Taken together, he believes the findings imply the transmission of traditions over generations, and that Neanderthals may have lived in a world where stories and symbolic ideas guided their actions.

Dr Rebecca Wragg Sykes, an honorary fellow at the University of Liverpool and author of Kindred: Neanderthal Life, Love, Death and Art, agreed that the argument for burrowing bees being responsible for some of the clumped pollen was “convincing”.

However, the discovery of pollen and woody material in association with Shanidar Z “leaves open the possibility that we may be looking at some kind of intentional inclusion of plants with the remains of the dead,” she said.

“If that turns out to be the case, even if plants were not any sort of funerary ‘gift’ or memorial as we might imagine them, this would still be highly significant in behavioural terms, as there are very few well-supported cases of objects or materials intentionally left with Neanderthal skeletons – one being a partial deer jaw with a young Neanderthal child from Amud, Israel, and another may be a stone flake found very close to Shanidar Z’s hand.”

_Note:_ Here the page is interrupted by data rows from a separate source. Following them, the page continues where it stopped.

theorem lemma7:
  fixes M :: "'a measure"
    and D :: "'n::finite \<Rightarrow> 's measure"
    and \<xi> :: "nat \<Rightarrow> 'n \<Rightarrow> 'a \<Rightarrow> 's"
    and f :: "'n \<Rightarrow> real^'p::finite \<Rightarrow> real"
    and gf :: "'n \<Rightarrow> real^'p \<Rightarrow> real^'p"
    and g :: "'n \<Rightarrow> real^'p \<Rightarrow> 's \<Rightarrow> real^'p"
    and W Wbar :: "real^'n^'n"
    and L \<sigma> \<gamma> :: real
    and \<alpha> \<beta> K :: nat
    and x0 :: "real^'p^'n"
    and x y :: "nat \<Rightarrow> 'a \<Rightarrow> real^'p^'n"
  assumes P: "prob_space M"
    \<comment> \<open>samples: node i at iteration t draws xi t i ~ D i, all independent\<close>
    and distr: "\<And>t i. distr M (D i) (\<xi> t i) = D i"
    and indep: "prob_space.indep_vars M (\<lambda>(t, i). D i) (\<lambda>(t, i). \<xi> t i) UNIV"
    and g_meas: "\<And>i. (\<lambda>(z, s). g i z s) \<in> borel_measurable (borel \<Otimes>\<^sub>M D i)"
    \<comment> \<open>(S): each f_i has L-Lipschitz gradient gf i\<close>
    and grad: "\<And>i z. (f i has_derivative (\<lambda>h. gf i z \<bullet> h)) (at z)"
    and S: "\<And>i u v. norm (gf i u - gf i v) \<le> L * norm (u - v)"
    \<comment> \<open>unbiased stochastic oracle and (V)\<close>
    and unbiased: "\<And>i z. integrable (D i) (g i z) \<and> (\<integral>s. g i z s \<partial>D i) = gf i z"
    and V: "\<And>i z. integrable (D i) (\<lambda>s. (norm (g i z s - gf i z))\<^sup>2) \<and>
                  (\<integral>s. (norm (g i z s - gf i z))\<^sup>2 \<partial>D i) \<le> \<sigma>\<^sup>2"
    \<comment> \<open>(G)\<close>
    and G: "doubly_stochastic W" "spec_sq (W - avgJ) < 1"
    \<comment> \<open>mixing matrix of FlexGT or Acc-FlexGT\<close>
    and Wbar: "Wbar = mat_pow W \<alpha> \<or> Wbar = acc_mix W (acc_eta (spec_sq (W - avgJ))) \<alpha>"
    and rho_bar: "spec_sq (Wbar - avgJ) < 1"
    and params: "1 \<le> \<alpha>" "1 \<le> \<beta>" "0 < \<gamma>"
    \<comment> \<open>the FlexGT recursion; stochastic gradients use snapshots z_t = x_{beta floor(t/beta)}\<close>
    and x_init: "\<And>\<omega>. x 0 \<omega> = x0"
    and y_init: "\<And>\<omega>. y 0 \<omega> = (\<chi> i. g i (x 0 \<omega> $ i) (\<xi> 0 i \<omega>))"
    and x_inner: "\<And>k j \<omega>. j + 2 \<le> \<beta> \<Longrightarrow>
       x (\<beta> * k + j + 1) \<omega> = x (\<beta> * k + j) \<omega> - \<gamma> *\<^sub>R y (\<beta> * k + j) \<omega>"
    and y_inner: "\<And>k j \<omega>. j + 2 \<le> \<beta> \<Longrightarrow>
       y (\<beta> * k + j + 1) \<omega> = y (\<beta> * k + j) \<omega>
         + (\<chi> i. g i (x (\<beta> * ((\<beta> * k + j + 1) div \<beta>)) \<omega> $ i) (\<xi> (\<beta> * k + j + 1) i \<omega>))
         - (\<chi> i. g i (x (\<beta> * ((\<beta> * k + j) div \<beta>)) \<omega> $ i) (\<xi> (\<beta> * k + j) i \<omega>))"
    and x_round: "\<And>k \<omega>.
       x (\<beta> * (k + 1)) \<omega> = Wbar ** (x (\<beta> * k) \<omega> - \<gamma> *\<^sub>R (\<Sum>j<\<beta>. y (\<beta> * k + j) \<omega>))"
    and y_round: "\<And>k \<omega>.
       y (\<beta> * (k + 1)) \<omega> = Wbar ** (y (\<beta> * k) \<omega>
         + (\<chi> i. g i (x (\<beta> * ((\<beta> * (k + 1)) div \<beta>)) \<omega> $ i) (\<xi> (\<beta> * (k + 1)) i \<omega>))
         - (\<chi> i. g i (x (\<beta> * ((\<beta> * k) div \<beta>)) \<omega> $ i) (\<xi> (\<beta> * k) i \<omega>)))"
    and step: "\<gamma> \<le> 1 / (4 * real \<beta> * L)"
    and K: "1 \<le> K"
  shows "(1 / real K) * (\<Sum>k<K. \<integral>\<omega>. (norm (dev (x (\<beta> * k) \<omega>)))\<^sup>2 \<partial>M)
     \<le> 2 * (\<integral>\<omega>. (norm (dev (x 0 \<omega>)))\<^sup>2 \<partial>M) / ((1 - spec_sq (Wbar - avgJ)) * real K)
       + 16 * real CARD('n) * \<gamma>\<^sup>2 * (real \<beta>)\<^sup>2 * spec_sq (Wbar - avgJ)
           / (1 - spec_sq (Wbar - avgJ))\<^sup>2 * \<sigma>\<^sup>2
       + 8 * \<gamma>\<^sup>2 * (real \<beta>)\<^sup>2 * spec_sq (Wbar - avgJ) / ((1 - spec_sq (Wbar - avgJ))\<^sup>2 * real K)
           * (\<Sum>k<K. \<integral>\<omega>. (norm (dev (y (\<beta> * k) \<omega>)))\<^sup>2 \<partial>M)"
proof -
  interpret prob_space M
    by (rule P)
  have "preserves_average Wbar"
    using Wbar doubly_stochastic_preserves_average[OF G(1)] mat_pow_preserves_average
      acc_mix_preserves_average
    by auto
  then interpret flexgt M D \<xi> gf g L \<sigma> Wbar \<gamma> \<beta> x0 x y
    by unfold_locales
      (use distr indep g_meas S unbiased V rho_bar params x_init y_init x_inner y_inner x_round
        y_round in auto)
  show ?thesis
    using consensus_error_average[OF K] by (simp add: x_consensus_error_def y_consensus_error_def)
qed

end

Prof Paul Pettitt, an expert in Neanderthal behaviour at the University of Durham, said: “Hunt’s work resolves long-held suspicions that the so-called flower burial was no such thing: in addition to his suspicion that bees deposited clumps of pollen, abundant remains of burrowing rodents from the cave’s sediments suggest a second possible culprit too.

“The original sampling for pollen was by no means exhaustive, so the flower burial myth was never based on robust evidence. It says more about the social background of the 1960s and the desire to humanise the Neanderthals. That said, they were our human equals in other ways, and clearly buried some of their dead, some of the time.”